The S&P 500 index continues to hover near its record high—standing 4 percent beneath it Tuesday—but that doesn't mean all is well with stocks, says star mutual fund manager John Hussman, president of Hussman Investment Trust.
"We remain focused on the lessons of a century of history,"
he writes in his weekly commentary. "The most historically reliable valuation measures continue to project zero total returns for the S&P 500 over the coming decade."
The key issue here is "the behavior of market internals, credit spreads, and other risk-sensitive measures," Hussman maintains.
"In short, it’s the deterioration in market internals and other risk-sensitive factors, and emphatically not simply elevated valuations alone, that suggests a much different and far more vulnerable environment here than we’ve observed for the majority of the period since the 2009 low."
Among the negative internals is decreasing breadth, which means that as the market moves higher, fewer and fewer stocks are participating in the rally. And credit spreads remain at historic lows.
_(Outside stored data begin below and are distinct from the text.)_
(* Let $p$ be an odd prime, $f:\mathbb{F}_p^n\to[0,1]$ with $\mathbb{E}[f]=\alpha$, and $\beta>0$. Let $H$ be a subspace of $\mathbb{F}_p^n$ with $|H|\ge 2\alpha/\beta$ and $b(H)\ge 2^{8+8C_p}\beta$. If $\lambda(H)<\beta$, then there is a subspace $H'\subseteq H$ with $\mathrm{Codim}(H')\le\mathrm{Codim}(H)+p^{\mathrm{Codim}(H)}\cdot 36/\beta^2$ and $b(H')/\beta>(b(H)/\beta)^{1+\tau_p}$, where $\tau_p=1/(2C_p)$.
   Context: For $f:\mathbb{F}_p^n\to[0,1]$ and a subspace $H$, $\mathrm{Codim}(H)=n-\dim H$; for $g\in\mathbb{F}_p^n$, $\alpha(H+g)=\mathbb{E}_{x\in H+g}f(x)$; the mean cube density is $b(H)=\mathbb{E}_{g\in\mathbb{F}_p^n}[\alpha(H+g)^3]$. The density of 3-APs with nonzero common difference in $H$ is $\lambda(H)=\mathbb{E}_{x\in\mathbb{F}_p^n}\mathbb{E}_{d\in H\setminus\{0\}}[f(x)f(x+d)f(x+2d)]$ (equivalently, the average over translates of $H$ of the density of nontrivial 3-APs of $f$ inside the translate). $C_p\ge1$ is a constant depending only on $p$ (with $C_p=\Theta(\log p)$) such that for every $m\ge1$ and every $X\subseteq\mathbb{F}_p^m$ with $|X|=xp^m$, the number of pairs $(a,d)\in(\mathbb{F}_p^m)^2$ with $a,a+d,a+2d\in X$ is at least $x^{C_p}p^{2m}$. *)

theory Defs
  imports "HOL-Analysis.Analysis" "Berlekamp_Zassenhaus.Finite_Field"
begin

type_synonym ('p, 'n) Fpn = "('p mod_ring) ^ 'n"

definition Codim :: "('p::prime_card, 'n::finite) Fpn set \<Rightarrow> nat" where
  "Codim H = CARD('n) - vec.dim H"

definition coset_density :: "(('p::prime_card, 'n::finite) Fpn \<Rightarrow> real) \<Rightarrow> ('p, 'n) Fpn set \<Rightarrow> ('p, 'n) Fpn \<Rightarrow> real" where
  "coset_density f H g = (\<Sum>x\<in>H. f (x + g)) / real (card H)"

definition mean_cube_density :: "(('p::prime_card, 'n::finite) Fpn \<Rightarrow> real) \<Rightarrow> ('p, 'n) Fpn set \<Rightarrow> real" where
  "mean_cube_density f H =
     (\<Sum>g\<in>(UNIV :: ('p, 'n) Fpn set). (coset_density f H g) ^ 3) / real CARD(('p, 'n) Fpn)"

definition ap_density :: "(('p::prime_card, 'n::finite) Fpn \<Rightarrow> real) \<Rightarrow> ('p, 'n) Fpn set \<Rightarrow> real" where
  "ap_density f H =
     (\<Sum>x\<in>(UNIV :: ('p, 'n) Fpn set).
        (\<Sum>d\<in>H - {0}. f x * f (x + d) * f (x + 2 *s d)) / real (card (H - {0})))
     / real CARD(('p, 'n) Fpn)"

text \<open>F_p^m for a natural number m, as functions nat => F_p vanishing from index m on.\<close>
definition Fpm :: "nat \<Rightarrow> (nat \<Rightarrow> 'p::prime_card mod_ring) set" where
  "Fpm m = {x. \<forall>i\<ge>m. x i = 0}"

definition three_AP_const :: "'p::prime_card itself \<Rightarrow> real \<Rightarrow> bool" where
  "three_AP_const _ C \<longleftrightarrow>
     (\<forall>m\<ge>1. \<forall>X \<subseteq> (Fpm m :: (nat \<Rightarrow> 'p mod_ring) set).
        real (card {(a, d). a \<in> Fpm m \<and> d \<in> Fpm m \<and> a \<in> X \<and> (\<lambda>i. a i + d i) \<in> X \<and> (\<lambda>i. a i + 2 * d i) \<in> X})
          \<ge> (real (card X) / real CARD('p) ^ m) powr C * real CARD('p) ^ (2 * m))"

end

theory Submission
  imports Defs
begin

text \<open>
  Let \<open>V = \<bbbF>\<^sub>p\<^sup>n\<close> and \<open>N = |V|\<close>. By Parseval, for every coset \<open>g + H\<close> only few frequencies carry a
  Fourier coefficient of \<open>f\<cdot>1\<^bsub>g+H\<^esub>\<close> larger than \<open>\<epsilon> = \<beta>|H|/(6N)\<close>, and this set is a union of classes
  modulo the annihilator of \<open>H\<close>. Over all cosets at most \<open>|H|/(N\<epsilon>\<^sup>2)\<close> distinct linear functionals on
  \<open>H\<close> arise; their common kernel \<open>H' \<subseteq> H\<close> has the required codimension. Averaging \<open>f\<close> over the
  cosets of \<open>H'\<close> kills exactly the small coefficients, so by the Fourier expression for 3-AP counts the
  number of 3-APs in each coset of \<open>H\<close> changes by at most \<open>\<beta>|H|\<^sup>2/2\<close>. Since \<open>\<lambda>(H) < \<beta>\<close> and
  \<open>|H| \<ge> 2\<alpha>/\<beta>\<close>, the smoothed counts are small on average, and by Markov's inequality half of the
  cube mass \<open>b(H)\<close> lies on cosets with at most \<open>\<theta>\<alpha>(g+H)\<^sup>3|H|\<^sup>2\<close> smoothed 3-APs,
  \<open>\<theta> = 4\<beta>/b(H)\<close>. On such a coset the defining property of \<open>C\<^sub>p\<close> forces the level set
  \<open>{F \<ge> \<alpha>(g+H)/2}\<close> of the smoothed function \<open>F\<close> to have relative size at most \<open>(8\<theta>)\<^bsup>1/C\<^esup>\<close>,
  and mass concentrated on a small set has a large mean cube. This gives
  \<open>b(H') \<ge> b(H) (32\<beta>/b(H))\<^bsup>-2/C\<^esup>/16\<close>, which beats \<open>\<beta> (b(H)/\<beta>)\<^bsup>1+1/(2C)\<^esup>\<close> once
  \<open>b(H) \<ge> 2\<^bsup>8+8C\<^esup>\<beta>\<close>.
\<close>

section \<open>Characters and the Fourier transform\<close>

definition dotp :: "('p::prime_card, 'n::finite) Fpn \<Rightarrow> ('p, 'n) Fpn \<Rightarrow> 'p mod_ring" where
  "dotp r x = (\<Sum>i\<in>UNIV. r$i * x$i)"
lemma integrated_field_in_ENT:
  assumes u: "C1_periodic u" and "moment u = 0"
  shows "integrated_field u \<in> ENT \<gamma>"
proof -
  have "((\<lambda>s. integrated_field u (\<gamma> s)) has_vector_derivative u \<theta> *\<^sub>R \<gamma>' \<theta>) (at \<theta>)" for \<theta>
  proof (rule periodic_has_vector_derivative[where p = "2 * pi" and a = \<theta>0])
    show "((\<lambda>s. integrated_field u (\<gamma> s)) has_vector_derivative u s *\<^sub>R \<gamma>' s) (at s)" if "\<theta>0 < s" for s
      using has_vector_derivative_partial_moment[OF C1_periodic_continuous[OF u] that]
      by (rule has_vector_derivative_transform_within_open[of _ _ _ "{\<theta>0<..}"])
        (use that integrated_field_\<gamma>[OF assms] in auto)
  qed (use u in \<open>simp_all add: C1_periodic_def \<gamma>'_periodic \<gamma>.plus_period\<close>)
  then show ?thesis
    using u unfolding ENT_def C1_periodic_def by blast
qed
text \<open>
  Write sigma for tau_- o tau_+. The map t_- sends alpha_i (i in I_+) and -alpha_i (i in I_-)
  exactly onto the roots beta_i of the Coxeter element t = t_+ t_-, and a case analysis on these
  vectors gives tau_t o t_- = t_- o sigma. Hence both compatibility degrees, read through t_-,
  are sigma-invariant, and they agree when the first argument is a negative simple root. Every
  sigma-orbit in the almost positive roots meets the negative simple roots: otherwise sigma acts
  on the orbit as the Coxeter element t_- t_+, the orbit is periodic because Phi is finite, and
  the sum over a period is a nonzero vector fixed by t_- t_+, which is impossible because the
  Cartan matrix is nonsingular.

  Finite type enters through the positive definite symmetrised form (finiteness of Phi, the rank
  two classification) and through sign coherence of the roots, proved by the usual length argument
  with rank two parabolic subgroups.
\<close>

section \<open>Reflections on the root lattice\<close>

lemma sum_mult_simple:
  fixes f :: "'i::finite \<Rightarrow> int"
  shows "(\<Sum>l\<in>UNIV. f l * simple j l) = f j"
proof -
  have "(\<Sum>l\<in>UNIV. f l * simple j l) = (\<Sum>l\<in>UNIV. if l = j then f l else 0)"
    by (rule sum.cong) (auto simp: simple_def)
  then show ?thesis by simp
qed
Elsewhere on the investing front, Peter Hodson, CEO of 5i Research, an investment research firm,
has put together a list of five important points investors should know, but may not.
The list includes:
- "Diversification does not need to be overly complicated," he writes in the Financial Post of Canada. "Most mutual funds hold hundreds of securities, which is why most funds can’t beat the market. Academic studies have proven that the additional value of diversification diminishes beyond 15 different securities." So keep your numbers down.
- "Dividend growth stocks beat everything else," Hodson says. Studies conducted by University of Pennsylvania finance professor Jeremy Siegel show that more than 90 percent of the stock market's long-term historical returns come from reinvested dividends. "Many investors make the mistake of seeking out high-yielding dividend stocks," Hodson explains. "But they may be surprised to know that, historically, a company paying a 1-percent dividend that can grow its dividend is far superior to a company paying a 7-percent dividend that can’t grow."